The Nanostim leadless pacemaker operates like a traditional pacemaker, but is 10 percent the size of a conventional pacemaker and is designed to reduce or eliminate complications associated with leads, chest incisions and surgical pockets. The Nanostim leadless pacemaker received CE Mark approval in October 2013. To date, more than 1,000 Nanostim leadless pacemakers have been implanted worldwide.
Recent data from the LEADLESS II IDE study published in The New England Journal of Medicine confirmed the benefits of the Nanostim leadless pacemaker. The LEADLESS II study also highlighted the retrievability of the Nanostim leadless pacemaker, which allows the Nanostim leadless pacemaker to be repositioned throughout the implant procedure and retrieved even after more than a year implanted in patients when necessary.
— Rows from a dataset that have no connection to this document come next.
text \<open>Conj_P(x) = x forces P = +-1: the diagonal gives ad + bc = 1, the
  off-diagonal entries give 2ab = 2cd = 0, which in characteristic zero
  means ab = cd = 0; with ad - bc = 1 this leaves a = d = +-1, b = c = 0.\<close>
lemma Conj_fixing_x:
  assumes det: "a*d - b*c = 1" and fix_x: "Conj a b c d (eq_x::('a::field_char_0)^2^2) = eq_x"
  shows "Conj a b c d (A::'a^2^2) = A"
proof -
  have "(Conj a b c d eq_x :: 'a^2^2) =
        mat2 (of_int (a*d+b*c)) (of_int (-2*a*b)) (of_int (2*c*d)) (of_int (-(a*d+b*c)))"
    unfolding Conj_def Mat_def eq_x_def by (simp add: mat2_mult mat2_eq algebra_simps)
  with fix_x have "mat2 (of_int (a*d+b*c)) (of_int (-2*a*b)) (of_int (2*c*d)) (of_int (-(a*d+b*c)))
                   = (mat2 1 0 0 (-1) :: 'a^2^2)"
    by (simp add: eq_x_def)
  then have "(of_int (a*d+b*c) :: 'a) = 1" "(of_int (-2*a*b) :: 'a) = 0" "(of_int (2*c*d) :: 'a) = 0"
    unfolding mat2_eq by auto
  then have "a*d + b*c = 1" "a*b = 0" "c*d = 0"
    unfolding of_int_eq_1_iff of_int_eq_0_iff by simp_all
  with det have "a*d = 1" "a*b = 0" "c*d = 0" by linarith+
  then have "(a = 1 \<and> d = 1 \<or> a = -1 \<and> d = -1) \<and> b = 0 \<and> c = 0"
    by (auto simp: zmult_eq_1_iff)
  moreover obtain p q r s where A: "A = mat2 p q r s" using mat2_cases by blast
  ultimately show ?thesis
    unfolding A Conj_def Mat_def by (auto simp: mat2_mult)
qed

text \<open>Two SL_2(Z)-conjugations agreeing at x are equal: conjugation by
  adj(Q) P fixes x, hence is trivial.\<close>
lemma Conj_determined_by_x:
  assumes detP: "a*d - b*c = 1" and detQ: "e*h - f*k = 1"
    and at_x: "Conj a b c d eq_x = (Conj e f k h eq_x :: ('a::field_char_0)^2^2)"
  shows "Conj a b c d A = (Conj e f k h A :: 'a^2^2)"
proof -
  define R :: "'a^2^2 \<Rightarrow> 'a^2^2" where "R = Conj (h*a-f*c) (h*b-f*d) (e*c-k*a) (e*d-k*b)"
  have R: "R B = Conj h (-f) (-k) e (Conj a b c d B)" for B :: "'a^2^2"
    unfolding R_def Conj_comp by (simp add: algebra_simps)
  have detR: "(h*a-f*c)*(e*d-k*b) - (h*b-f*d)*(e*c-k*a) = 1"
    using detP detQ by (simp add: algebra_simps)
  have "R eq_x = Conj h (-f) (-k) e (Conj e f k h eq_x)"
    by (simp add: R at_x)
  also have "\<dots> = eq_x" by (rule Conj_inv[OF detQ])
  finally have R_id: "R B = B" for B
    unfolding R_def by (rule Conj_fixing_x[OF detR])
  have "Conj a b c d A = Conj e f k h (Conj h (-f) (-k) e (Conj a b c d A))"
    by (rule Conj_inv'[OF detQ, symmetric])
  also have "\<dots> = Conj e f k h A"
    by (simp flip: R add: R_id)
  finally show ?thesis .
qed

lemma eq_x_sl2: "eq_x \<in> sl2"
  by (simp add: sl2_def eq_x_def trace_mat2)

lemma orbit_map_inj: "inj_on (\<lambda>g. g eq_x) (G :: (('a::field_char_0)^2^2 \<Rightarrow> 'a^2^2) set)"
proof (rule inj_onI)
  fix g1 g2 :: "'a^2^2 \<Rightarrow> 'a^2^2"
  assume "g1 \<in> G" "g2 \<in> G" and at_x: "g1 eq_x = g2 eq_x"
  obtain a b c d where 1: "a*d - b*c = 1" "g1 = restrict (Conj a b c d) sl2"
    using G_SL2Z_conj[OF \<open>g1 \<in> G\<close>] unfolding SL2Z_conj_def by blast
  obtain e f k h where 2: "e*h - f*k = 1" "g2 = restrict (Conj e f k h) sl2"
    using G_SL2Z_conj[OF \<open>g2 \<in> G\<close>] unfolding SL2Z_conj_def by blast
  have "Conj a b c d eq_x = (Conj e f k h eq_x :: 'a^2^2)"
    using at_x unfolding 1(2) 2(2) by (simp add: eq_x_sl2)
  then show "g1 = g2"
    unfolding 1(2) 2(2) by (intro restrict_ext) (rule Conj_determined_by_x[OF 1(1) 2(1)])
qed

theorem lemma4p1:
  shows "(\<forall>g\<in>(G :: (('a::field_char_0)^2^2 \<Rightarrow> 'a^2^2) set). g eq_x = eq_x \<longrightarrow> g = restrict id sl2)
         \<and> bij_betw (\<lambda>g. g eq_x) (G :: (('a::field_char_0)^2^2 \<Rightarrow> 'a^2^2) set) orbit_x"
proof
  have id_in_G: "restrict id sl2 \<in> (G :: (('a::field_char_0)^2^2 \<Rightarrow> 'a^2^2) set)"
    by (rule G_id)
  have "restrict id sl2 eq_x = (eq_x :: 'a^2^2)"
    by (simp add: eq_x_sl2)
  then show "\<forall>g\<in>(G :: (('a::field_char_0)^2^2 \<Rightarrow> 'a^2^2) set). g eq_x = eq_x \<longrightarrow> g = restrict id sl2"
    using inj_onD[OF orbit_map_inj _ _ id_in_G] by metis
  show "bij_betw (\<lambda>g. g eq_x) (G :: (('a::field_char_0)^2^2 \<Rightarrow> 'a^2^2) set) orbit_x"
    unfolding bij_betw_def orbit_x_def using orbit_map_inj by simp
qed

end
“We’re highly appreciative of the FDA’s proactive effort to gain more insight and understanding around leadless pacing technology, and for the opportunity to participate in the dialogue that will help ensure that leadless technology is adopted with patient safety in mind and with successful clinical outcomes as a top priority,” Dr. Carlson said.
The Nanostim leadless pacemaker is not approved in the U.S. and limited by federal law to investigational use.
About St. Jude Medical
St. Jude Medical is a leading global medical device manufacturer and is dedicated to transforming the treatment of some of the world’s most expensive epidemic diseases. The company does this by developing cost-effective medical technologies that save and improve lives of patients around the world. Headquartered in St. Paul, Minn., St. Jude Medical has five major areas of focus that include heart failure, atrial fibrillation, neuromodulation, traditional cardiac rhythm management, and cardiovascular diseases. For more information, please visit sjm.com or follow us on Twitter @SJM_Media.
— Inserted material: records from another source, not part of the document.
lemma fcoeff_deriv:
  assumes f': "\<And>x. (f has_vector_derivative f' x) (at x)" and c: "continuous_on UNIV f'"
    and "f (2*pi) = f 0"
  shows "fcoeff f' n = \<i> * of_int n * fcoeff f n"
proof -
  let ?e = "\<lambda>x. exp (- \<i> * of_int n * of_real x)"
  let ?g = "\<lambda>x. f' x * ?e x - \<i> * of_int n * (f x * ?e x)"
  have cf: "continuous_on {0..2*pi} f"
    using f' by (meson continuous_at_imp_continuous_on has_vector_derivative_continuous)
  have "((\<lambda>x. f x * ?e x) has_vector_derivative ?g x) (at x within {0..2*pi})" for x
  proof -
    have d: "((\<lambda>x. f x * ?e x) has_vector_derivative f x * (- \<i> * of_int n * ?e x) + f' x * ?e x) (at x)"
      using has_vector_derivative_mult[OF f' has_vector_derivative_expi[of "-n" x]] by simp
    have eq: "f x * (- \<i> * of_int n * ?e x) + f' x * ?e x = ?g x"
      by (simp add: algebra_simps)
    show ?thesis using d unfolding eq by (rule has_vector_derivative_at_within)
  qed
  then have "(?g has_integral f (2*pi) * ?e (2*pi) - f 0 * ?e 0) {0..2*pi}"
    by (intro fundamental_theorem_of_calculus) simp_all
  moreover have "?e (2*pi) = 1"
    using expi_2pi[of "-n"] by simp
  ultimately have "integral {0..2*pi} ?g = 0"
    using assms(3) by (simp add: integral_unique)
  moreover have "integral {0..2*pi} ?g
      = integral {0..2*pi} (\<lambda>x. f' x * ?e x) - \<i> * of_int n * integral {0..2*pi} (\<lambda>x. f x * ?e x)"
  proof -
    have "(\<lambda>x. f' x * ?e x) integrable_on {0..2*pi}"
      by (rule integrable_fcoeff_integrand[OF continuous_on_subset[OF c subset_UNIV]])
    moreover have "(\<lambda>x. \<i> * of_int n * (f x * ?e x)) integrable_on {0..2*pi}"
      by (rule integrable_on_mult_right[OF integrable_fcoeff_integrand[OF cf]])
    ultimately show ?thesis by (subst integral_diff) simp_all
  qed
  ultimately show ?thesis
    unfolding fcoeff_def by (simp add: field_simps)
qed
This news release contains forward-looking statements within the meaning of the Private Securities Litigation Reform Act of 1995 that involve risks and uncertainties. Such forward-looking statements include the expectations, plans and prospects for the Company, including potential clinical successes, anticipated regulatory approvals and future product launches, and projected revenues, margins, earnings and market shares. The statements made by the Company are based upon management’s current expectations and are subject to certain risks and uncertainties that could cause actual results to differ materially from those described in the forward-looking statements. These risks and uncertainties include market conditions and other factors beyond the Company’s control and the risk factors and other cautionary statements described in the Company’s filings with the SEC, including those described in the Risk Factors and Cautionary Statements sections of the Company’s Annual Report on Form 10-K for the fiscal year ended January 3, 2015 and Quarterly Report on Form 10-Q for the fiscal quarter ended October 3, 2015. The Company does not intend to update these statements and undertakes no duty to any person to provide any such update under any circumstance.